Please find all lines in the data that hold the string "show" and copy them.

Collected data:
= = = = =

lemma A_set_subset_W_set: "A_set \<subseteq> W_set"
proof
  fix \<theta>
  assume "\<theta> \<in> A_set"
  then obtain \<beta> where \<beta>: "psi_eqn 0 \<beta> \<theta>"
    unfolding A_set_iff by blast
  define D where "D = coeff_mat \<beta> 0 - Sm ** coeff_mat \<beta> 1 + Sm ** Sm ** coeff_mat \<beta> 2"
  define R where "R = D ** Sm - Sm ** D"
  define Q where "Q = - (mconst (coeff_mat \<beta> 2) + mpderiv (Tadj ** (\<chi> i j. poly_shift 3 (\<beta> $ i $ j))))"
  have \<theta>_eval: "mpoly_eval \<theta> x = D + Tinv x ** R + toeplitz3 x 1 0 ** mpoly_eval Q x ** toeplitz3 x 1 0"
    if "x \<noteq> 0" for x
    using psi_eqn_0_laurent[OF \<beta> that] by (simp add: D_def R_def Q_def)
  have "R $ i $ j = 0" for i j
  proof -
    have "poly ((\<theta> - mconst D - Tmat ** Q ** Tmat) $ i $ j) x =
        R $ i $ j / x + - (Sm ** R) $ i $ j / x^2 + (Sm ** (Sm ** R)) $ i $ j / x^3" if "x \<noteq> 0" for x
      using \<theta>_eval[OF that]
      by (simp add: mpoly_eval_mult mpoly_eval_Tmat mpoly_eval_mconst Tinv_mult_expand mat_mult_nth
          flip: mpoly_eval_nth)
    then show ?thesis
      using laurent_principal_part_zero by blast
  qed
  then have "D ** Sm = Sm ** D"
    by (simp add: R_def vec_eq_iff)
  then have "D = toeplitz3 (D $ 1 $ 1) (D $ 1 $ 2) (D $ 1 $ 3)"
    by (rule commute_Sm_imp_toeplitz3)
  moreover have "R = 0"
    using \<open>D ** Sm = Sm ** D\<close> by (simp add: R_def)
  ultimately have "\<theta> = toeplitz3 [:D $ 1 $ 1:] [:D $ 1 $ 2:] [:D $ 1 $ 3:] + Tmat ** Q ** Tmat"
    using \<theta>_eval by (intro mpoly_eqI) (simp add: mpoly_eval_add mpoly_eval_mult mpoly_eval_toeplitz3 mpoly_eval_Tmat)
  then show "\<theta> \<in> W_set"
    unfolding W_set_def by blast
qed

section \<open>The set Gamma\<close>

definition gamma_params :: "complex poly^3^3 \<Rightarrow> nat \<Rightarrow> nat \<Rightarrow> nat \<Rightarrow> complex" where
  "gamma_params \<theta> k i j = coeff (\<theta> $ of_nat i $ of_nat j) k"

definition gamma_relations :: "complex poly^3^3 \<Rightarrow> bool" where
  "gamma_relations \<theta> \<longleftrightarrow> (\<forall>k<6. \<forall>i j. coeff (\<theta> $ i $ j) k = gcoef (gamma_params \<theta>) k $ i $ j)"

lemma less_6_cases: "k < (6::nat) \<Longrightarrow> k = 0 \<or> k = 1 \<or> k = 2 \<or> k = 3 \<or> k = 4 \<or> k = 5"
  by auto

= = = = =

TASK OUTPUT
    then show ?thesis
  then show "\<theta> \<in> W_set"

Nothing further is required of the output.